Faulty ribosomes and reduced ribosome numbers may also work in tandem to cause disease. For one, reduced ribosome numbers decrease ribosome collisions (Simms et al., 2017; Zhao et al., 2021), and are therefore expected to stabilize translating dysfunctional ribosomes (Parker et al., 2022,Preprint). Moreover, reduced ribosome numbers can also differentially affect translation of individual mRNAs (Lodish, 1974; Mills and Green, 2017; Ferretti and Karbstein, 2019; Khajuria et al., 2018; Ivanov et al., 2022), thereby further contributing to disease.

In addition to selecting the correct start site and amino acid, the small subunit is responsible for maintaining the reading frame during translocation, a process where the mRNA–tRNA pairs move through the ribosome to enable binding of the next tRNA. Translocation is facilitated by conformational changes in the 40S subunit, where the 40S subunit body first rotates relative to the 60S subunit followed by a pivot of the 40S head (Munro et al., 2009). Correct translocation is critical for reading frame maintenance, and even small disturbances in this process can lead to frameshifting (Caliskan et al., 2014; Chen et al., 2014), indicating the importance of releasing only translocation-competent 40S ribosomes into the translating pool.

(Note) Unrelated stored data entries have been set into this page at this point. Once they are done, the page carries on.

lemma entropy_le_if_determined:
  assumes X: "simple_function M X" and Y: "simple_function M Y"
    and det: "\<And>\<omega> \<omega>'. \<omega> \<in> space M \<Longrightarrow> \<omega>' \<in> space M \<Longrightarrow> X \<omega> = X \<omega>' \<Longrightarrow> Y \<omega> = Y \<omega>'"
  shows "\<H>(Y) \<le> \<H>(X)"
proof -
  define f where "f x = Y (SOME \<omega>. \<omega> \<in> space M \<and> X \<omega> = x)" for x
  have f: "f (X \<omega>) = Y \<omega>" if \<omega>: "\<omega> \<in> space M" for \<omega>
  proof -
    have "\<exists>\<omega>'. \<omega>' \<in> space M \<and> X \<omega>' = X \<omega>" using \<omega> by blast
    from someI_ex[OF this] show ?thesis unfolding f_def using det \<omega> by metis
  qed
  have fX: "simple_function M (f \<circ> X)" using X by (rule simple_function_compose)
  have img: "(f \<circ> X) ` space M = Y ` space M" using f by (force simp: image_iff)
  have pre: "(f \<circ> X) -` {y} \<inter> space M = Y -` {y} \<inter> space M" for y using f by auto
  have "\<H>(Y) = \<H>(f \<circ> X)"
    unfolding entropy_simple_function[OF fX] entropy_simple_function[OF Y] by (simp only: img pre)
  also have "\<dots> \<le> \<H>(X)" using X by (rule entropy_data_processing)
  finally show ?thesis .
qed

lemma entropy_eq_if_determined:
  assumes "simple_function M X" "simple_function M Y"
    and "\<And>\<omega> \<omega>'. \<omega> \<in> space M \<Longrightarrow> \<omega>' \<in> space M \<Longrightarrow> X \<omega> = X \<omega>' \<longleftrightarrow> Y \<omega> = Y \<omega>'"
  shows "\<H>(Y) = \<H>(X)"
  using entropy_le_if_determined[of X Y] entropy_le_if_determined[of Y X] assms
  by (meson order_antisym)

lemma conditional_entropy_eq_entropies:
  assumes "simple_function M X" "simple_function M Y"
  shows "\<H>(X | Y) = \<H>(\<lambda>\<omega>. (Y \<omega>, X \<omega>)) - \<H>(Y)"
  using entropy_chain_rule[OF assms(2,1)] by simp

lemma entropy_submodular:
  assumes X: "simple_function M X" and Y: "simple_function M Y" and Z: "simple_function M Z"
  shows "\<H>(\<lambda>\<omega>. (X \<omega>, Y \<omega>, Z \<omega>)) + \<H>(Z) \<le> \<H>(\<lambda>\<omega>. (X \<omega>, Z \<omega>)) + \<H>(\<lambda>\<omega>. (Y \<omega>, Z \<omega>))"
  using conditional_mutual_information_nonneg[OF X Y Z]
    conditional_mutual_information_eq_entropies[OF X Y Z] by simp

lemma conditional_entropy_le_if_determined:
  assumes X: "simple_function M X" and Y: "simple_function M Y" and Z: "simple_function M Z"
    and det: "\<And>\<omega> \<omega>'. \<omega> \<in> space M \<Longrightarrow> \<omega>' \<in> space M \<Longrightarrow> Z \<omega> = Z \<omega>' \<Longrightarrow> Y \<omega> = Y \<omega>'"
  shows "\<H>(X | Z) \<le> \<H>(X | Y)"
proof -
  have "\<H>(\<lambda>\<omega>. (X \<omega>, Z \<omega>, Y \<omega>)) = \<H>(\<lambda>\<omega>. (Z \<omega>, X \<omega>))"
    "\<H>(\<lambda>\<omega>. (Z \<omega>, Y \<omega>)) = \<H>(Z)" "\<H>(\<lambda>\<omega>. (X \<omega>, Y \<omega>)) = \<H>(\<lambda>\<omega>. (Y \<omega>, X \<omega>))"
    by (rule entropy_eq_if_determined; use X Y Z in \<open>auto dest: det\<close>)+
  then show ?thesis
    using entropy_submodular[OF X Z Y]
    by (simp add: conditional_entropy_eq_entropies X Y Z)
qed

lemma conditional_entropy_eq_if_determined:
  assumes "simple_function M X" "simple_function M Y" "simple_function M Z"
    and "\<And>\<omega> \<omega>'. \<omega> \<in> space M \<Longrightarrow> \<omega>' \<in> space M \<Longrightarrow> Z \<omega> = Z \<omega>' \<longleftrightarrow> Y \<omega> = Y \<omega>'"
  shows "\<H>(X | Z) = \<H>(X | Y)"
  using conditional_entropy_le_if_determined[of X Y Z] conditional_entropy_le_if_determined[of X Z Y]
    assms by (meson order_antisym)

lemma conditional_mutual_information_eq_conditional_entropy_diff:
  assumes X: "simple_function M X" and Y: "simple_function M Y" and Z: "simple_function M Z"
  shows "\<I>(X ; Y | Z) = \<H>(X | Z) - \<H>(X | (\<lambda>\<omega>. (Y \<omega>, Z \<omega>)))"
proof -
  have "\<H>(\<lambda>\<omega>. (X \<omega>, Z \<omega>)) = \<H>(\<lambda>\<omega>. (Z \<omega>, X \<omega>))"
    "\<H>(\<lambda>\<omega>. (X \<omega>, Y \<omega>, Z \<omega>)) = \<H>(\<lambda>\<omega>. ((Y \<omega>, Z \<omega>), X \<omega>))"
    by (rule entropy_eq_if_determined; use X Y Z in auto)+
  then show ?thesis
    by (simp add: conditional_mutual_information_eq_entropies conditional_entropy_eq_entropies X Y Z)
qed

lemma entropy_ge_if_Pr_le:
  assumes X: "simple_function M X" and p: "0 < p" and le: "\<And>x. Pr X x \<le> p"
  shows "- log b p \<le> \<H>(X)"
proof -
  have "(\<Sum>x\<in>X`space M. Pr X x * - log b p) \<le> (\<Sum>x\<in>X`space M. Pr X x * - log b (Pr X x))"
  proof (rule sum_mono)
    fix x
    show "Pr X x * - log b p \<le> Pr X x * - log b (Pr X x)"
    proof (cases "Pr X x = 0")
      case False
      then have "0 < Pr X x" using measure_nonneg[of M] by (simp add: order_less_le)
      then show ?thesis
        using le[of x] p b_gt_1 by (intro mult_left_mono) auto
    qed simp
  qed
  moreover have "(\<Sum>x\<in>X`space M. Pr X x) = 1"
    using simple_distributed_sum_space[OF simple_distributedI[OF X measure_nonneg refl]] .
  ultimately show ?thesis
    by (simp add: entropy_simple_function[OF X] sum_negf sum_distrib_right[symmetric])
qed

lemma entropy_le_log_card:
  assumes X: "simple_function M X" and S: "finite S" "X ` space M \<subseteq> S"
  shows "\<H>(X) \<le> log b (card S)"
proof -
  have "0 < card (X ` space M)"
    using not_empty finite_subset[OF S(2,1)] by (simp add: card_gt_0_iff)
  moreover have "card (X ` space M) \<le> card S" using S by (rule card_mono)
  ultimately have "log b (card (X ` space M)) \<le> log b (card S)"
    using b_gt_1 by (subst log_le_cancel_iff) auto
  then show ?thesis
    using entropy_le_card[OF simple_distributedI[OF X measure_nonneg refl]] by linarith
qed

lemma conditional_mutual_information_le_of_independent:
  assumes W1: "simple_function M W1" and Wr: "simple_function M Wr" and Wa: "simple_function M Wa"
    and F: "simple_function M F" and X: "simple_function M X" and G: "simple_function M G"
    and Wa_eq: "\<And>\<omega> \<omega>'. \<omega> \<in> space M \<Longrightarrow> \<omega>' \<in> space M \<Longrightarrow>
      Wa \<omega> = Wa \<omega>' \<longleftrightarrow> (W1 \<omega>, Wr \<omega>) = (W1 \<omega>', Wr \<omega>')"
    and G_det: "\<And>\<omega> \<omega>'. \<omega> \<in> space M \<Longrightarrow> \<omega>' \<in> space M \<Longrightarrow>
      (F \<omega>, X \<omega>) = (F \<omega>', X \<omega>') \<Longrightarrow> G \<omega> = G \<omega>'"
    and indep: "\<I>(Wa ; G) = 0"
  shows "\<I>(Wr ; X | W1) + \<H>(W1) + \<H>(G) \<le> \<H>(\<lambda>\<omega>. ((F \<omega>, X \<omega>), W1 \<omega>))"
proof -
  let ?FXW = "\<lambda>\<omega>. ((F \<omega>, X \<omega>), W1 \<omega>)"
  note sf = W1 Wr Wa F X G simple_function_Pair
  have "\<I>(Wr ; X | W1) = \<H>(Wr | W1) - \<H>(Wr | (\<lambda>\<omega>. (X \<omega>, W1 \<omega>)))"
    by (rule conditional_mutual_information_eq_conditional_entropy_diff[OF Wr X W1])
  moreover have "\<H>(Wr | W1) = \<H>(Wa) - \<H>(W1)"
  proof -
    have "\<H>(\<lambda>\<omega>. (W1 \<omega>, Wr \<omega>)) = \<H>(Wa)"
      by (rule entropy_eq_if_determined) (use sf Wa_eq in auto)
    then show ?thesis by (simp add: conditional_entropy_eq_entropies W1 Wr)
  qed
  moreover have "\<H>(Wr | ?FXW) \<le> \<H>(Wr | (\<lambda>\<omega>. (X \<omega>, W1 \<omega>)))"
    by (rule conditional_entropy_le_if_determined) (use sf in auto)
  moreover have "\<H>(Wr | ?FXW) = \<H>(\<lambda>\<omega>. (?FXW \<omega>, Wr \<omega>)) - \<H>(?FXW)"
    by (rule conditional_entropy_eq_entropies) (use sf in auto)
  moreover have "\<H>(Wa) + \<H>(G) = \<H>(\<lambda>\<omega>. (G \<omega>, Wa \<omega>))"
    using indep mutual_information_eq_entropy_conditional_entropy[OF Wa G]
    by (simp add: conditional_entropy_eq_entropies Wa G)
  moreover have "\<H>(\<lambda>\<omega>. (G \<omega>, Wa \<omega>)) \<le> \<H>(\<lambda>\<omega>. (?FXW \<omega>, Wr \<omega>))"
    by (rule entropy_le_if_determined) (use sf in \<open>auto dest: G_det simp: Wa_eq\<close>)
  ultimately show ?thesis by linarith
qed

lemma entropy_query_answer_le:
  assumes F: "simple_function M F" and R: "simple_function M R"
    and Q: "simple_function M Q" and A: "simple_function M A"
    and query: "\<H>(Q | F) = 0"
  shows "\<H>(\<lambda>\<omega>. (F \<omega>, Q \<omega>, A \<omega>, R \<omega>)) \<le> \<H>(\<lambda>\<omega>. (F \<omega>, R \<omega>)) + \<H>(A | Q)"
proof -
  let ?G = "\<lambda>\<omega>. (F \<omega>, R \<omega>)" and ?QG = "\<lambda>\<omega>. (Q \<omega>, F \<omega>, R \<omega>)"
  note sf = F R Q A simple_function_Pair
  have "\<H>(\<lambda>\<omega>. (F \<omega>, Q \<omega>, A \<omega>, R \<omega>)) = \<H>(\<lambda>\<omega>. (?QG \<omega>, A \<omega>))"
    by (rule entropy_eq_if_determined) (use sf in auto)
  also have "\<dots> = \<H>(?QG) + \<H>(A | ?QG)"
    by (rule entropy_chain_rule) (use sf in auto)
  also have "\<H>(?QG) = \<H>(\<lambda>\<omega>. (?G \<omega>, Q \<omega>))"
    by (rule entropy_eq_if_determined) (use sf in auto)
  also have "\<dots> = \<H>(?G) + \<H>(Q | ?G)"
    by (rule entropy_chain_rule) (use sf in auto)
  also have "\<H>(Q | ?G) \<le> \<H>(Q | F)"
    by (rule conditional_entropy_le_if_determined) (use sf in auto)
  also have "\<H>(A | ?QG) \<le> \<H>(A | Q)"
    by (rule conditional_entropy_le_if_determined) (use sf in auto)
  finally show ?thesis using query by simp
qed
(* Let $C$ be a cycle of goods with at most $8$ goods and let three agents have arbitrary utility functions on $C$. Then an mms-allocation of the goods of $C$ to the three agents exists.
   Context: A cycle of goods has goods $v_1,\dots,v_m$ as vertices and edges $v_iv_{i+1}$ ($1\le i<m$) and $v_mv_1$. A utility function assigns a non-negative real to each good, extended additively to sets. A bundle is a set of goods inducing a connected subgraph (empty allowed); an $n$-split is a sequence of $n$ pairwise disjoint bundles (possibly empty) with union all goods. $\mathrm{mms}^{(n)}(C,u)=\max_{P_1,\dots,P_n}\min_i u(P_i)$ over all $n$-splits. An allocation to agents $1,\dots,n$ with utilities $u_1,\dots,u_n$ is an $n$-split $P_1,\dots,P_n$ with $P_i$ given to agent $i$; it is an mms-allocation if $u_i(P_i)\ge\mathrm{mms}^{(n)}(C,u_i)$ for all $i$. *)

theory Defs
  imports Complex_Main
begin

text \<open>The cycle of goods C_m: goods are 0,...,m-1 (good v_(i+1) is represented by i);
  edges join i and (i+1) mod m.\<close>

definition cyc_adj :: "nat \<Rightarrow> nat \<Rightarrow> nat \<Rightarrow> bool" where
  "cyc_adj m i j \<longleftrightarrow> i < m \<and> j < m \<and> (j = Suc i mod m \<or> i = Suc j mod m)"

definition is_bundle :: "nat \<Rightarrow> nat set \<Rightarrow> bool" where
  "is_bundle m B \<longleftrightarrow> B \<subseteq> {..<m} \<and>
     (\<forall>x\<in>B. \<forall>y\<in>B. (x, y) \<in> {(a, b). a \<in> B \<and> b \<in> B \<and> cyc_adj m a b}\<^sup>*)"

definition is_split :: "nat \<Rightarrow> nat \<Rightarrow> (nat \<Rightarrow> nat set) \<Rightarrow> bool" where
  "is_split m n P \<longleftrightarrow> (\<forall>i<n. is_bundle m (P i)) \<and>
     (\<forall>i<n. \<forall>j<n. i \<noteq> j \<longrightarrow> P i \<inter> P j = {}) \<and>
     (\<Union>i<n. P i) = {..<m}"

definition util :: "(nat \<Rightarrow> real) \<Rightarrow> nat set \<Rightarrow> real" where
  "util u S = (\<Sum>g\<in>S. u g)"

definition mms :: "nat \<Rightarrow> nat \<Rightarrow> (nat \<Rightarrow> real) \<Rightarrow> real" where
  "mms m n u = Max {(MIN i\<in>{..<n}. util u (P i)) | P. is_split m n P}"

definition is_mms_allocation :: "nat \<Rightarrow> nat \<Rightarrow> (nat \<Rightarrow> nat \<Rightarrow> real) \<Rightarrow> (nat \<Rightarrow> nat set) \<Rightarrow> bool" where
  "is_mms_allocation m n us P \<longleftrightarrow> is_split m n P \<and>
     (\<forall>i<n. util (us i) (P i) \<ge> mms m n (us i))"

end

theory Submission
  imports Defs
begin

text \<open>
  Every bundle of the cycle is an arc, so a 3-split is a sequence of three consecutive arcs, and there
  are only finitely many of them. All that matters about an agent is the family of bundles she values at
  least as much as her maximin share, and this family has three properties: it contains all parts of one of her
  maximin splits; it contains a part of every split, since three maximin shares do not exceed the value
  of all goods; and it is closed under extending an arc by one good at either end. Reading the membership
  of each arc in each agent's family as a propositional variable, for at most eight goods these
  properties alone force a split into bundles X, Y, Z such that X is acceptable to the first agent and Y, Z
  are acceptable to the other two in some order. This is checked by evaluating all arcs and splits
  symbolically and calling a SAT solver.
\<close>

section \<open>Arcs\<close>

definition arc :: "nat \<Rightarrow> nat \<Rightarrow> nat \<Rightarrow> nat set" where
  "arc m s l = (\<lambda>t. (s + t) mod m) ` {..<l}"

lemma arc_0 [simp]: "arc m s 0 = {}"
  by (simp add: arc_def)

lemma finite_arc [simp]: "finite (arc m s l)"
  by (simp add: arc_def)

lemma arc_subset: "0 < m \<Longrightarrow> arc m s l \<subseteq> {..<m}"
  by (auto simp: arc_def)

lemma arc_mod: "arc m (s mod m) l = arc m s l"
  by (simp add: arc_def mod_add_left_eq)

lemma arc_reduce: "m \<le> s \<Longrightarrow> arc m s l = arc m (s - m) l"
  by (metis arc_mod le_add_diff_inverse mod_add_self1)

lemma arc_append: "arc m s (a + b) = arc m s a \<union> arc m (s + a) b"
proof -
  have "{..<a + b} = {..<a} \<union> (+) a ` {..<b}"
  proof (rule set_eqI)
    fix x show "x \<in> {..<a + b} \<longleftrightarrow> x \<in> {..<a} \<union> (+) a ` {..<b}"
      by (cases "x < a") (auto intro!: image_eqI[of _ _ "x - a"])
  qed
  then show ?thesis
    by (simp add: arc_def image_Un image_image add.assoc)
qed

lemma mod_add_left_inj:
  fixes m :: nat
  assumes "x < m" "y < m" "(s + x) mod m = (s + y) mod m"
  shows "x = y"
proof -
  have "x = y" if "x \<le> y" "y < m" "(s + x) mod m = (s + y) mod m" for x y
  proof -
    have "m dvd y - x"
      using that mod_eq_dvd_iff_nat[of "s + x" "s + y" m] by simp
    then show ?thesis
      using that by (metis diff_is_0_eq dvd_imp_le le_antisym less_imp_diff_less neq0_conv not_less)
  qed
  then show ?thesis
    using assms by (metis nat_le_linear)
qed

lemma card_arc: "l \<le> m \<Longrightarrow> card (arc m s l) = l"
  unfolding arc_def
  by (subst card_image) (auto intro!: inj_onI elim!: mod_add_left_inj[rotated 2])

lemma arc_full: assumes "0 < m" shows "arc m s m = {..<m}"
  using card_arc[of m m s] arc_subset[OF assms, of s m]
  by (intro card_subset_eq) auto

lemma arc_disjoint: assumes "a + b \<le> m" shows "arc m s a \<inter> arc m (s + a) b = {}"
proof -
  have "card (arc m s a \<union> arc m (s + a) b) = card (arc m s a) + card (arc m (s + a) b)"
    using assms by (simp add: arc_append[symmetric] card_arc)
  then show ?thesis
    by (simp add: card_Un_Int[of "arc m s a"])
qed

lemma arc_complement: assumes "0 < m" "a \<le> m" shows "{..<m} - arc m s a = arc m (s + a) (m - a)"
  using arc_append[of m s a "m - a"] arc_disjoint[of a "m - a" m s] arc_full[OF assms(1), of s] assms(2)
  by auto

lemma arc_extend: "arc m s l \<subseteq> arc m s (l + 1)" "arc m (s + 1) l \<subseteq> arc m s (l + 1)"
  using arc_append[of m s l 1] arc_append[of m s 1 l] by (auto simp: add.commute)

lemma arc_is_bundle: assumes "0 < m" shows "is_bundle m (arc m s l)"
proof -
  let ?R = "{(a, b). a \<in> arc m s l \<and> b \<in> arc m s l \<and> cyc_adj m a b}"
  have from_start: "(s mod m, (s + t) mod m) \<in> ?R\<^sup>*" if "t < l" for t
    using that
  proof (induction t)
    case (Suc t)
    have "((s + t) mod m, (s + Suc t) mod m) \<in> ?R"
      using Suc.prems assms by (auto simp: arc_def cyc_adj_def mod_Suc_eq intro!: image_eqI)
    with Suc show ?case by (meson Suc_lessD rtrancl_into_rtrancl)
  qed simp
  have "sym (?R\<^sup>*)"
    by (intro sym_rtrancl) (auto simp: sym_def cyc_adj_def)
  then have "(x, y) \<in> ?R\<^sup>*" if "x \<in> arc m s l" "y \<in> arc m s l" for x y
    using that from_start unfolding arc_def by (auto intro: rtrancl_trans dest: symD)
  then show ?thesis
    using arc_subset[OF assms] by (auto simp: is_bundle_def)
qed

lemma step_connected_nat_set_is_interval:
  fixes T :: "nat set"
  assumes "finite T" "x \<in> T"
    and connected: "\<And>y. y \<in> T \<Longrightarrow> (x, y) \<in> {(a, b). a \<in> T \<and> b \<in> T \<and> (b = Suc a \<or> a = Suc b)}\<^sup>*"
  shows "T = {Min T..Max T}"
proof
  show "T \<subseteq> {Min T..Max T}"
    using assms(1) by auto
  show "{Min T..Max T} \<subseteq> T"
  proof
    fix r assume r: "r \<in> {Min T..Max T}"
    show "r \<in> T"
    proof (rule ccontr)
      assume "r \<notin> T"
      have same_side: "y < r \<longleftrightarrow> x < r"
        if "(x, y) \<in> {(a, b). a \<in> T \<and> b \<in> T \<and> (b = Suc a \<or> a = Suc b)}\<^sup>*" for y
        using that by (induction rule: rtrancl_induct) (use \<open>r \<notin> T\<close> in \<open>auto intro: Suc_lessI\<close>)
      have "T \<noteq> {}"
        using assms(2) by auto
      then have "Min T \<in> T" "Max T \<in> T"
        using assms(1) by simp_all
      with r \<open>r \<notin> T\<close> have "Min T < r" "\<not> Max T < r"
        by (auto simp: order.order_iff_strict)
      then show False
        using same_side[OF connected[OF \<open>Min T \<in> T\<close>]] same_side[OF connected[OF \<open>Max T \<in> T\<close>]]
        by simp
    qed
  qed
qed

lemma rotate_back:
  fixes m g x :: nat
  assumes "g < m" "x < m"
  shows "(Suc g + (x + (m - Suc g)) mod m) mod m = x"
proof -
  have "(Suc g + (x + (m - Suc g)) mod m) mod m = (Suc g + (x + (m - Suc g))) mod m"
    by (simp only: mod_add_right_eq)
  also have "Suc g + (x + (m - Suc g)) = x + m"
    using assms(1) by simp
  finally show ?thesis
    using assms(2) by simp
qed

lemma rotation_Suc:
  fixes m g a :: nat
  assumes "g < m" "a < m" "a \<noteq> g"
  defines "rot x \<equiv> (x + (m - Suc g)) mod m"
  shows "rot (Suc a mod m) = Suc (rot a)"
proof -
  have unrot: "(Suc g + rot x) mod m = x" if "x < m" for x
    using rotate_back[OF assms(1) that] by (simp only: rot_def)
  have "rot a \<noteq> m - 1"
  proof
    assume "rot a = m - 1"
    then have "rot a = rot g"
      using assms(1) by (simp add: rot_def)
    then show False
      using unrot[OF assms(1)] unrot[OF assms(2)] assms(3) by metis
  qed
  moreover have "rot a < m"
    using assms(1) by (simp add: rot_def)
  ultimately have "Suc (rot a) < m"
    by linarith
  moreover have "rot (Suc a mod m) = Suc (rot a) mod m"
    by (simp add: rot_def mod_add_left_eq mod_Suc_eq)
  ultimately show ?thesis
    by simp
qed

lemma interval_image_eq_arc: "(\<lambda>t. (c + t) mod m) ` {p..q} = arc m (c + p) (Suc q - p)"
proof -
  have "{p..q} = (+) p ` {..<Suc q - p}"
    by (cases "p \<le> q") (auto simp: lessThan_atLeast0 image_add_atLeastLessThan)
  then show ?thesis
    by (simp add: arc_def image_image add.assoc)
qed

lemma bundle_avoiding_good_is_arc:
  assumes "is_bundle m B" "g < m" "g \<notin> B" "x \<in> B"
  shows "\<exists>s l. l \<le> m \<and> B = arc m s l"
proof -
  have B: "B \<subseteq> {..<m}"
    using assms(1) by (simp add: is_bundle_def)
  then have "finite B"
    by (rule finite_subset) simp
  define rot where "rot y = (y + (m - Suc g)) mod m" for y
  let ?R = "{(a, b). a \<in> B \<and> b \<in> B \<and> cyc_adj m a b}"
  let ?S = "{(a, b). a \<in> rot ` B \<and> b \<in> rot ` B \<and> (b = Suc a \<or> a = Suc b)}"
  have rot_step: "(rot a, rot b) \<in> ?S" if "(a, b) \<in> ?R" for a b
    using that B assms(3) rotation_Suc[OF assms(2)] unfolding rot_def cyc_adj_def by fastforce
  have rot_path: "(rot x, rot y) \<in> ?S\<^sup>*" if "(x, y) \<in> ?R\<^sup>*" for y
    using that
  proof (induction rule: rtrancl_induct)
    case (step y z)
    then show ?case
      using rtrancl_into_rtrancl[OF _ rot_step[of y z]] by blast
  qed simp
  have "rot ` B = {Min (rot ` B)..Max (rot ` B)}"
  proof (rule step_connected_nat_set_is_interval)
    show "finite (rot ` B)" "rot x \<in> rot ` B"
      using \<open>finite B\<close> assms(4) by simp_all
    fix y assume "y \<in> rot ` B"
    then obtain y' where "y' \<in> B" "y = rot y'"
      by blast
    then show "(rot x, y) \<in> ?S\<^sup>*"
      using rot_path assms(1,4) unfolding is_bundle_def by blast
  qed
  moreover have "(Suc g + rot y) mod m = y" if "y \<in> B" for y
    using rotate_back[OF assms(2)] that B unfolding rot_def by blast
  then have "(\<lambda>t. (Suc g + t) mod m) ` rot ` B = B"
    by (simp add: image_image cong: image_cong)
  ultimately have "B = arc m (Suc g + Min (rot ` B)) (Suc (Max (rot ` B)) - Min (rot ` B))"
    by (metis interval_image_eq_arc)
  moreover have "Max (rot ` B) \<in> rot ` B"
    using assms(4) \<open>finite B\<close> by (intro Max_in) auto
  then have "Max (rot ` B) < m"
    using assms(2) by (auto simp: rot_def)
  ultimately show ?thesis
    by (metis Suc_leI diff_le_self le_trans)
qed

lemma bundle_is_arc:
  assumes "0 < m" "is_bundle m B"
  shows "\<exists>s l. l \<le> m \<and> B = arc m s l"
proof -
  have "B \<subseteq> {..<m}"
    using assms(2) by (simp add: is_bundle_def)
  then consider "B = {}" | "B = {..<m}" | g x where "g < m" "g \<notin> B" "x \<in> B"
    by blast
  then show ?thesis
  proof cases
    case 1
    then show ?thesis
      by (metis arc_0 le0)
  next
    case 2
    then show ?thesis
      using arc_full[OF assms(1)] by blast
  next
    case 3
    then show ?thesis
      using bundle_avoiding_good_is_arc[OF assms(2)] by blast
  qed
qed

lemma arc_containing_zero:
  assumes "s < m" "0 \<in> arc m s l"
  shows "s = 0 \<or> m < s + l"
proof (rule ccontr)
  assume "\<not> (s = 0 \<or> m < s + l)"
  moreover obtain t where "t < l" "(s + t) mod m = 0"
    using assms(2) by (auto simp: arc_def)
  ultimately show False
    by (metis add_is_0 dvd_imp_le less_le_trans mod_0_imp_dvd nat_add_left_cancel_less not_gr0 not_le)
qed

lemma mod_predecessor:
  fixes m s t :: nat
  assumes "0 < m" "0 < t"
  shows "((s + t) mod m + m - 1) mod m = (s + (t - 1)) mod m"
proof -
  have "((s + t) mod m + m - 1) mod m = ((s + t) mod m + (m - 1)) mod m"
    using assms(1) by simp
  also have "\<dots> = (s + t + (m - 1)) mod m"
    by (simp only: mod_add_left_eq)
  also have "s + t + (m - 1) = s + (t - 1) + m"
    using assms by simp
  finally show ?thesis
    by simp
qed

Due to the importance of translocation, it is not surprising that the ability to carry out this critical step is quality controlled via the essential ATPase Fap7. Fap7 binds 80S-like ribosomes to induce a translocation-like rotated state and to release Dim1 (Ghalei et al., 2017; Fig. 4 A). Dim1 release results in an rRNA conformational change repositioning the 3′-end of 18S rRNA to the Nob1 active site to promote rRNA cleavage in 80S-like ribosomes, thereby licensing the final rRNA maturation step discussed below (Ameismeier et al., 2018; Ameismeier et al., 2020; Johnson et al., 2017; Rai et al., 2021; Lamanna and Karbstein, 2009). In the absence of active Fap7, assembly is stalled and 80S-like ribosomes accumulate (Strunk et al., 2012; Ghalei et al., 2017; Granneman et al., 2005). A mutation in the 60S protein Rpl3 that stabilizes the rotated state (Rpl3_H256A) partially rescues the absence of Fap7, while a mutation that destabilizes the rotated state (Rpl3_W255C) phenocopies the absence of Fap7. Moreover, a weak-binding Dim1 mutant, Dim1_EKR, releases from 80S-like ribosomes independent of Fap7 (Ghalei et al., 2017), thereby bypassing this subunit rotation checkpoint. While Dim1_EKR partially suppresses the growth phenotype and the accumulation of 80S-like ribosomes upon Fap7 inactivation, ribosomes from cells expressing Dim1_EKR have an increased propensity toward translation fidelity errors, with a nearly threefold increase in −1 frameshifting (Fig. 4 B; Ghalei et al., 2017). Dim1_EKR has essentially no growth phenotype and does not impair Dim1’s methylation activity (Ghalei et al., 2017), suggesting that these defects arise from the Fap7 bypass and not reduced ribosome numbers or the absence of the methylation, and strongly supporting the notion that checkpoint bypass leads to dysfunctional ribosomes.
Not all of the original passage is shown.